# Liberals getting their panties in a wad



## Plainsman (Jul 30, 2003)

Remember our in house liberal who thought the best place for political information was the Huffington Post? Well, they are the enemy of those of us who hunt.
I have been trying to find an article that I read just lately about the anti-second amendment people and how they have been changing their names to try improve their image and appeal to more conservative people. I forget the exact number, but it was something over 300 articles they have had on the Huffington Post since 2006. They are the enemy.



> West Wing creator Aaron Sorkin today gave Sarah Palin both barrels over her US TV reality show, accusing the contender for the 2012 Republican presidential nomination of shooting an animal "for political gain".
> Sorkin, writer of the recent Facebook movie The Social Network, also accused the Fox News contributor of making a "snuff film" after the latest episode of Sarah's Palin's Alaska featured the politician going hunting with her father and shooting a caribou.
> He described Palin as "deranged", a "witless bully" and a "phony pioneer girl". He also said The Learning Channel, the US cable network, "should be ashamed of itself" for broadcasting her "truly awful reality show".
> Sorkin was responding to a post on Palin's Facebook page in which the former governor of Alaska reacted to criticism of Sunday's episode by accusing her detractors of hypocrisy: "Unless you've never worn leather shoes, sat upon a leather chair or eaten meat, save your condemnation."
> ...


----------



## vtrons (Feb 14, 2008)

Sarah Palin was participating in a LEGAL activity enjoyed by millions of people around the world.
Michael Vick was engaged in an ILLEGAL activity.

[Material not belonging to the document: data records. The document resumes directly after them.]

lemma norm_add_power4_le:
  fixes D \<xi> :: "'a::real_inner"
  shows "norm (D + \<xi>)^4
    \<le> (norm D^2)^2 + 4 * norm D^2 * inner D \<xi> + 8 * norm D^2 * norm \<xi>^2 + 3 * (norm \<xi>^2)^2"
proof -
  define p where "p = norm D^2"
  define w where "w = norm \<xi>^2"
  define r where "r = inner D \<xi>"
  have pw: "p \<ge> 0" "w \<ge> 0" by (auto simp: p_def w_def)
  have cs: "r^2 \<le> p * w" unfolding r_def p_def w_def
    using Cauchy_Schwarz_ineq by (simp add: power2_norm_eq_inner)
  have "2 * r \<le> p + w"
    using two_mult_le_weighted_squares[of 1 "norm D" "norm \<xi>"] norm_cauchy_schwarz[of D \<xi>]
    by (simp add: p_def w_def r_def)
  hence rw: "2 * (2 * r) * w \<le> 2 * (p + w) * w" using pw by (simp add: mult_right_mono)
  have "norm (D + \<xi>)^4 = (norm (D + \<xi>)^2)^2" by simp
  also have "\<dots> = (p + 2 * r + w)^2" by (simp only: norm_add_power2 p_def r_def w_def)
  also have "\<dots> = p^2 + 4*p*r + 4*r^2 + 2*p*w + 2*(2*r)*w + w^2"
    by (simp add: power2_eq_square algebra_simps)
  also have "\<dots> \<le> p^2 + 4*p*r + 8*p*w + 3*w^2" using cs rw by (simp add: power2_eq_square algebra_simps)
  finally show ?thesis by (simp add: p_def r_def w_def)
qed

lemma norm_add_power4_plus_norm_diff_power4:
  fixes m v :: "'a::real_inner"
  shows "norm (m + v)^4 + norm (m - v)^4 \<le> 2 * (norm m^4 + 6 * norm m^2 * norm v^2 + norm v^4)"
proof -
  have plus: "norm (m + v)^2 = norm m^2 + 2 * inner m v + norm v^2" by (rule norm_add_power2)
  have minus: "norm (m - v)^2 = norm m^2 - 2 * inner m v + norm v^2"
    using norm_add_power2[of m "-v"] by simp
  have cs: "inner m v ^2 \<le> norm m^2 * norm v^2"
    using Cauchy_Schwarz_ineq by (simp add: power2_norm_eq_inner)
  have "norm (m + v)^4 + norm (m - v)^4 = (norm (m + v)^2)^2 + (norm (m - v)^2)^2" by simp
  also have "\<dots> = 2 * (norm m^2 + norm v^2)^2 + 8 * (inner m v)^2"
    unfolding plus minus by (simp add: power2_eq_square algebra_simps)
  also have "\<dots> \<le> 2 * (norm m^2 + norm v^2)^2 + 8 * (norm m^2 * norm v^2)" using cs by simp
  also have "\<dots> = 2 * (norm m^4 + 6 * norm m^2 * norm v^2 + norm v^4)"
    by (simp add: power2_eq_square algebra_simps power4_eq_xxxx)
  finally show ?thesis .
qed

lemma monotone_drift_contraction:
  fixes a :: "'a::real_inner \<Rightarrow> 'a"
  assumes lip: "norm (a y - a x) \<le> L * norm (y - x)" and L: "L \<ge> 0"
    and mon: "inner (y - x) (a y - a x) \<le> - K * (norm (y - x))\<^sup>2"
    and h: "h > 0" "h * L^2 \<le> K"
  shows "norm ((y - x) + h *\<^sub>R (a y - a x))^2 \<le> (1 - K * h) * norm (y - x)^2"
proof -
  define e where "e = norm (y - x)"
  have "norm (a y - a x)^2 \<le> (L * e)^2" using lip norm_ge_zero by (simp add: e_def power_mono)
  hence "h^2 * norm (a y - a x)^2 \<le> h^2 * (L * e)^2" by (simp add: mult_left_mono)
  also have "\<dots> = h * (h * L^2) * e^2" by (simp add: power2_eq_square algebra_simps)
  also have "\<dots> \<le> h * K * e^2" using h by (intro mult_right_mono mult_left_mono) auto
  finally have quad: "h^2 * norm (a y - a x)^2 \<le> K * h * e^2" by (simp add: mult.commute)
  have lin: "2 * h * inner (y - x) (a y - a x) \<le> 2 * h * (- K * e^2)"
    using mon h by (intro mult_left_mono) (auto simp: e_def)
  have "norm ((y - x) + h *\<^sub>R (a y - a x))^2
      = e^2 + 2 * h * inner (y - x) (a y - a x) + h^2 * norm (a y - a x)^2"
    by (simp add: norm_add_power2 e_def power_mult_distrib abs_of_pos h(1))
  also have "\<dots> \<le> e^2 + 2 * h * (- K * e^2) + K * h * e^2"
    using lin quad by linarith
  also have "\<dots> = (1 - K * h) * e^2" by (simp add: algebra_simps)
  finally show ?thesis by (simp add: e_def)
qed

lemma monotone_drift_step_bound:
  fixes a :: "'a::real_inner \<Rightarrow> 'a"
  assumes lip: "norm (a x - a 0) \<le> L * norm x" and L: "L \<ge> 0"
    and mon: "inner x (a x - a 0) \<le> - K * (norm x)\<^sup>2" and K: "K > 0"
    and h: "h > 0" "h \<le> 1" "h * (4 * L^2 + 1) \<le> K"
  shows "norm (x + h *\<^sub>R a x)^2
    \<le> (1 - K * h) * norm x^2 + h * (2 * norm (a 0)^2 / K + 2 * norm (a 0)^2)"
proof -
  define r where "r = norm x"
  define a0 where "a0 = norm (a 0)"
  define P where "P = inner x (a x)"
  define N where "N = norm (a x)"
  have r0: "r \<ge> 0" "a0 \<ge> 0" "N \<ge> 0" by (auto simp: r_def a0_def N_def)
  have "inner x (a 0) \<le> r * a0" unfolding r_def a0_def
    by (rule order_trans[OF _ norm_cauchy_schwarz]) simp
  with mon have P: "P \<le> - K * r^2 + r * a0" by (simp add: P_def r_def inner_diff_right)
  have "N \<le> a0 + L * r" using lip norm_triangle_ineq2[of "a x" "a 0"]
    by (simp add: N_def a0_def r_def)
  hence "N^2 \<le> (a0 + L * r)^2" using r0 by (simp add: power_mono)
  also have "\<dots> \<le> 2 * a0^2 + 2 * L^2 * r^2"
    using two_mult_le_weighted_squares[of 1 a0 "L * r"] by (simp add: power2_eq_square algebra_simps)
  finally have N2: "N^2 \<le> 2 * a0^2 + 2 * L^2 * r^2" .
  have ar: "2 * r * a0 \<le> (K / 2) * r^2 + 2 * a0^2 / K"
    using two_mult_le_weighted_squares[of "K / 2" r a0] K by simp
  have eq: "norm (x + h *\<^sub>R a x)^2 = r^2 + 2 * h * P + h^2 * N^2"
    by (simp add: norm_add_power2 r_def P_def N_def power_mult_distrib abs_of_pos h(1))
  have "h^2 * N^2 \<le> h^2 * (2 * a0^2 + 2 * L^2 * r^2)" using N2 by (simp add: mult_left_mono)
  moreover have "2 * h * P \<le> 2 * h * (- K * r^2 + r * a0)" using P h by simp
  moreover have "h * (2 * r * a0) \<le> h * ((K / 2) * r^2 + 2 * a0^2 / K)" using ar h by (simp add: mult_left_mono)
  moreover have "h^2 * (2 * L^2 * r^2) \<le> h * (K / 2) * r^2"
  proof -
    have "h * (2 * L^2) \<le> K / 2" using h by (simp add: algebra_simps)
    hence "h * (h * (2 * L^2) * r^2) \<le> h * ((K / 2) * r^2)"
      using h by (intro mult_left_mono mult_right_mono) auto
    thus ?thesis by (simp add: power2_eq_square algebra_simps)
  qed
  moreover have "h^2 * (2 * a0^2) \<le> h * (2 * a0^2)" using h by (simp add: power2_eq_square mult_right_mono)
  ultimately show ?thesis unfolding eq by (simp add: algebra_simps r_def[symmetric] a0_def[symmetric])
qed

lemma square_of_affine_contraction_le:
  fixes q t h K A :: real
  assumes q: "0 \<le> q" "q \<le> (1 - K*h)*t + h*A" and t: "t \<ge> 0" and A: "A \<ge> 0"
    and K: "K > 0" and h: "h > 0" "h \<le> 1" "K*h \<le> 1"
  shows "q^2 \<le> (1 - 3*K*h/4)*t^2 + h*(A^2 + 4*A^2/K)"
proof -
  have "q^2 \<le> ((1 - K*h)*t + h*A)^2" using q by (simp add: power_mono)
  also have "\<dots> = (1-K*h)^2*t^2 + h*(2*(1-K*h)*A*t) + h^2*A^2"
    by (simp add: power2_eq_square algebra_simps)
  also have "\<dots> \<le> (1-K*h)*t^2 + h*(2*A*t) + h*A^2"
  proof -
    have "(1-K*h)^2 \<le> 1-K*h" using h K mult_left_le_one_le[of "1-K*h" "1-K*h"]
      by (simp add: power2_eq_square)
    hence 1: "(1-K*h)^2*t^2 \<le> (1-K*h)*t^2" by (intro mult_right_mono) auto
    have "(1-K*h)*(2*A*t) \<le> 2*A*t" using h K A t by (intro mult_left_le_one_le) auto
    hence "2*(1-K*h)*A*t \<le> 2*A*t" by (simp add: algebra_simps)
    hence 2: "h*(2*(1-K*h)*A*t) \<le> h*(2*A*t)" using h by simp
    have 3: "h^2*A^2 \<le> h*A^2" using h by (simp add: power2_eq_square mult_right_mono)
    show ?thesis using 1 2 3 by simp
  qed
  also have "\<dots> \<le> (1-K*h)*t^2 + h*((K/4)*t^2 + 4*A^2/K) + h*A^2"
    using two_mult_le_weighted_squares[of "K/4" t A] K h
    by (intro add_mono mult_left_mono) (auto simp: ac_simps)
  also have "\<dots> = (1 - 3*K*h/4)*t^2 + h*(A^2 + 4*A^2/K)" by (simp add: algebra_simps)
  finally show ?thesis .
qed

lemma exact_moment_recursion:
  fixes q t h K A \<beta> m :: real
  assumes q: "0 \<le> q" "q^2 \<le> (1 - 3*K*h/4)*t^2 + h*(A^2 + 4*A^2/K)" and t: "t \<ge> 0" and A: "A \<ge> 0"
    and K: "K > 0" and h: "h > 0" "h \<le> 1" "K*h \<le> 1" and m: "m \<ge> 0"
  shows "q^2 + 6*(\<beta>^2*h)*q*(1+m) + (\<beta>^2*h)^2*m
     \<le> (1 - K*h/2)*t^2 + h*(2*(A^2 + 4*A^2/K) + 36*(\<beta>^2*(1+m))^2/K + \<beta>^4*m)"
proof -
  have young: "6*(\<beta>^2*(1+m))*q \<le> (K/4)*q^2 + 36*(\<beta>^2*(1+m))^2/K"
    using two_mult_le_weighted_squares[of "K/4" q "3*(\<beta>^2*(1+m))"] K
    by (simp add: power2_eq_square algebra_simps)
  have 1: "6*(\<beta>^2*h)*q*(1+m) \<le> h*((K/4)*q^2) + h*(36*(\<beta>^2*(1+m))^2/K)"
    using mult_left_mono[OF young, of h] h by (simp add: algebra_simps)
  have 2: "(\<beta>^2*h)^2*m \<le> h*(\<beta>^4*m)"
  proof -
    have "h^2 \<le> h" using h by (simp add: power2_eq_square mult_left_le_one_le)
    hence "h^2*(\<beta>^4*m) \<le> h*(\<beta>^4*m)" using m by (intro mult_right_mono) auto
    thus ?thesis by (simp add: power2_eq_square power4_eq_xxxx algebra_simps)
  qed
  have "(1 + K*h/4)*q^2 \<le> (1 + K*h/4)*((1 - 3*K*h/4)*t^2 + h*(A^2 + 4*A^2/K))"
    using q K h by (intro mult_left_mono) auto
  also have "\<dots> \<le> (1 - K*h/2)*t^2 + h*(2*(A^2 + 4*A^2/K))"
  proof -
    have "(1 + K*h/4)*(1 - 3*K*h/4) \<le> 1 - K*h/2" using K h by (simp add: algebra_simps power2_eq_square)
    hence a: "(1 + K*h/4)*(1 - 3*K*h/4)*t^2 \<le> (1 - K*h/2)*t^2" by (intro mult_right_mono) auto
    have "0 \<le> h*(A^2 + 4*A^2/K)" using h K by simp
    hence b: "(1 + K*h/4)*(h*(A^2 + 4*A^2/K)) \<le> 2*(h*(A^2 + 4*A^2/K))"
      using h by (intro mult_right_mono) auto
    show ?thesis using add_mono[OF a b] by (simp add: algebra_simps)
  qed
  finally have 3: "(1 + K*h/4)*q^2 \<le> (1 - K*h/2)*t^2 + h*(2*(A^2 + 4*A^2/K))" .
  show ?thesis using 1 2 3 by (simp add: algebra_simps)
qed

lemma power4_le_of_le_add:
  fixes E X Y :: real
  assumes "0 \<le> Y" "Y \<le> E + X"
  shows "Y^4 \<le> 8*E^4 + 8*X^4"
proof -
  have "Y^2 \<le> (E+X)^2" using assms by (simp add: power_mono)
  also have "\<dots> \<le> 2*E^2 + 2*X^2"
    using two_mult_le_weighted_squares[of 1 E X] by (simp add: power2_eq_square algebra_simps)
  finally have "(Y^2)^2 \<le> (2*E^2 + 2*X^2)^2" by (intro power_mono) auto
  also have "\<dots> \<le> 8*E^4 + 8*X^4"
    using two_mult_le_weighted_squares[of 1 "E^2" "X^2"] by (simp add: power2_eq_square power4_eq_xxxx algebra_simps)
  finally show ?thesis by simp
qed

lemma error_noise_terms_le:
  fixes p h K \<kappa> s Y :: real
  assumes p: "0 \<le> p" and K: "K > 0" and h: "h > 0" "h \<le> 1" and \<kappa>: "\<kappa> \<ge> 0" and s: "s \<ge> 1"
  shows "8*p*(h^2*(\<kappa>/s)*(1+Y^2)) + 3*(h^4*(\<kappa>/s^2)*(1+Y^4))
    \<le> (K*h/2)*p^2 + (h^3/s^2)*(64*\<kappa>^2/K + 3*\<kappa>)*(1+Y^4)"
proof -
  define W where "W = h^2*(\<kappa>/s)*(1+Y^2)"
  have Kh: "K*h > 0" using K h by simp
  have 1: "8*p*W \<le> (K*h/2)*p^2 + 32*W^2/(K*h)"
    using two_mult_le_weighted_squares[of "K*h/2" p "4*W"] Kh by (simp add: power2_eq_square field_simps)
  have Y2: "(1+Y^2)^2 \<le> 2*(1+Y^4)"
    using two_mult_le_weighted_squares[of 1 1 "Y^2"] by (simp add: power2_eq_square power4_eq_xxxx algebra_simps)
  have "32*W^2/(K*h) = (h^3/s^2)*(32*\<kappa>^2/K)*(1+Y^2)^2"
    using K h s by (simp add: W_def power2_eq_square field_simps power3_eq_cube)
  also have "\<dots> \<le> (h^3/s^2)*(32*\<kappa>^2/K)*(2*(1+Y^4))"
    using Y2 K h s by (intro mult_left_mono) auto
  finally have 2: "32*W^2/(K*h) \<le> (h^3/s^2)*(64*\<kappa>^2/K)*(1+Y^4)" by (simp add: algebra_simps)
  have "h^4 \<le> h^3" using h by (simp add: power_decreasing)
  hence "h^4*(3*\<kappa>/s^2*(1+Y^4)) \<le> h^3*(3*\<kappa>/s^2*(1+Y^4))" using \<kappa> s by (intro mult_right_mono) auto
  hence 3: "3*(h^4*(\<kappa>/s^2)*(1+Y^4)) \<le> (h^3/s^2)*(3*\<kappa>)*(1+Y^4)" by (simp add: algebra_simps)
  show ?thesis using 1 2 3 by (simp add: W_def algebra_simps)
qed

lemma error_moment_recursion:
  fixes p E X Y h K \<kappa> s :: real
  assumes p: "0 \<le> p" "p \<le> (1 - K*h)*E^2" and Y: "0 \<le> Y" "Y \<le> E + X"
    and K: "K > 0" and h: "h > 0" "h \<le> 1" "K*h \<le> 1" and \<kappa>: "\<kappa> \<ge> 0" and s: "s \<ge> 1"
    and hC: "h * (32*(64*\<kappa>^2/K + 3*\<kappa>) + 1) \<le> K"
  shows "p^2 + 8*p*(h^2*(\<kappa>/s)*(1+Y^2)) + 3*(h^4*(\<kappa>/s^2)*(1+Y^4))
     \<le> (1 - K*h/4)*E^4 + h*(h^2/s^2)*((64*\<kappa>^2/K + 3*\<kappa>)*(1 + 8*X^4))"
proof -
  define C1 where "C1 = 64*\<kappa>^2/K + 3*\<kappa>"
  have C1: "C1 \<ge> 0" using K \<kappa> by (simp add: C1_def)
  have Kh: "K*h > 0" using K h by simp
  have p2: "p^2 \<le> (1-K*h)*E^4"
  proof -
    have "p^2 \<le> ((1 - K*h)*E^2)^2" using p by (simp add: power_mono)
    also have "\<dots> = (1-K*h)^2*E^4" by (simp add: power2_eq_square power4_eq_xxxx)
    also have "\<dots> \<le> (1-K*h)*E^4" using h K mult_left_le_one_le[of "1-K*h" "1-K*h"]
      by (intro mult_right_mono) (auto simp: power2_eq_square)
    finally show ?thesis .
  qed
  have "p^2 + 8*p*(h^2*(\<kappa>/s)*(1+Y^2)) + 3*(h^4*(\<kappa>/s^2)*(1+Y^4)) \<le> (1 + K*h/2)*p^2 + (h^3/s^2)*C1*(1+Y^4)"
    using error_noise_terms_le[OF p(1) K h(1,2) \<kappa> s, of Y] by (simp add: C1_def algebra_simps)
  also have "\<dots> \<le> (1 + K*h/2)*((1-K*h)*E^4) + (h^3/s^2)*C1*(1 + 8*E^4 + 8*X^4)"
  proof -
    have "(1 + K*h/2)*p^2 \<le> (1 + K*h/2)*((1-K*h)*E^4)" using p2 Kh by (intro mult_left_mono) auto
    moreover have "(h^3/s^2)*C1*(1+Y^4) \<le> (h^3/s^2)*C1*(1 + 8*E^4 + 8*X^4)"
      using power4_le_of_le_add[OF Y] C1 h by (intro mult_left_mono) auto
    ultimately show ?thesis by simp
  qed
  also have "\<dots> \<le> (1 - K*h/2)*E^4 + (h^3/s^2)*C1*(8*E^4) + (h^3/s^2)*C1*(1 + 8*X^4)"
  proof -
    have "(1 + K*h/2)*(1-K*h) \<le> 1 - K*h/2" using mult_pos_pos[OF Kh Kh] by (simp add: algebra_simps)
    hence "(1 + K*h/2)*(1-K*h)*E^4 \<le> (1 - K*h/2)*E^4" by (intro mult_right_mono) auto
    thus ?thesis by (simp add: algebra_simps)
  qed
  also have "\<dots> \<le> (1 - K*h/4)*E^4 + h*(h^2/s^2)*(C1*(1 + 8*X^4))"
  proof -
    have "h^3/s^2 \<le> h^3" using s h by (simp add: divide_le_eq)
    also have "h^3 \<le> h*h" using h by (simp add: power3_eq_cube mult_left_le_one_le)
    finally have "(h^3/s^2)*(C1*8) \<le> (h*h)*(C1*8)" using C1 by (intro mult_right_mono) auto
    also have "\<dots> \<le> K*h/4"
    proof -
      have "h*(32*C1) \<le> K" using hC h by (simp add: C1_def algebra_simps)
      hence "h*(h*(32*C1)) \<le> h*K" using h by (intro mult_left_mono) auto
      thus ?thesis by (simp add: algebra_simps)
    qed
    finally have "(h^3/s^2)*C1*8*E^4 \<le> K*h/4*E^4" by (intro mult_right_mono) (auto simp: algebra_simps)
    thus ?thesis by (simp add: algebra_simps power3_eq_cube power2_eq_square)
  qed
  finally show ?thesis by (simp add: C1_def)
qed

It's too bad that Aaron Sorkin refuses to acknowledge the difference, and instead turned it into a political issue.


----------



## Plainsman (Jul 30, 2003)

vtrons said:


> Sarah Palin was participating in a LEGAL activity enjoyed by millions of people around the world.
> Michael Vick was engaged in an ILLEGAL activity.
> 
> It's too bad that Aaron Sorkin refuses to acknowledge the difference, and instead turned it into a political issue.


Actually I am happy one of them went off the deep end. It showcases that they run on emotions and not reason. Every time a guy like this opens their mouth it's another dozen votes for the conservative, perhaps thousands when they have the national stage.


----------



## Csquared (Sep 5, 2006)

> It's too bad that Aaron Sorkin refuses to acknowledge the difference, and instead turned it into a political issue


What's too bad is he's the rule rather than the exception. Views anywhere near center are the kiss of death in the industry, and virtually every move Hollywood makes is politically motivated


----------



## bearhunter (Jan 30, 2009)

speaking of lib's. 2 have seen to have dissapeared from here :roll:


----------



## vtrons (Feb 14, 2008)

Please correct me if I'm wrong, but, didn't John Kerry take the time to buy a complete cammo outfit and go hunting whilst on a presidential campaign?

Mr. Sorkin must have been out of town for that one.


----------



## bearhunter (Jan 30, 2009)

yes he did and i'm quite sure he felt as stupid in that for a photo opp. as i would in a tux. :thumb:


----------



## R y a n (Apr 4, 2005)

bearhunter said:


> speaking of lib's. 2 have seen to have dissapeared from here :roll:


who might that be? :withstupid:


----------



## Plainsman (Jul 30, 2003)

So Ryan how are you feeling since your messiah has shown himself to be a dismal failure. The last we talked you were sort of gloating. Do you still have that same attitude now? Obama, Pelosi, and Reid have made America much more conservative than McDuffus could ever have accomplished.


----------



## Csquared (Sep 5, 2006)

I gotta give you credit, Ryan. Gone for over a year (as far as we know :wink: ) and your first post was _NOT_ in the political forum......

....It was your second


----------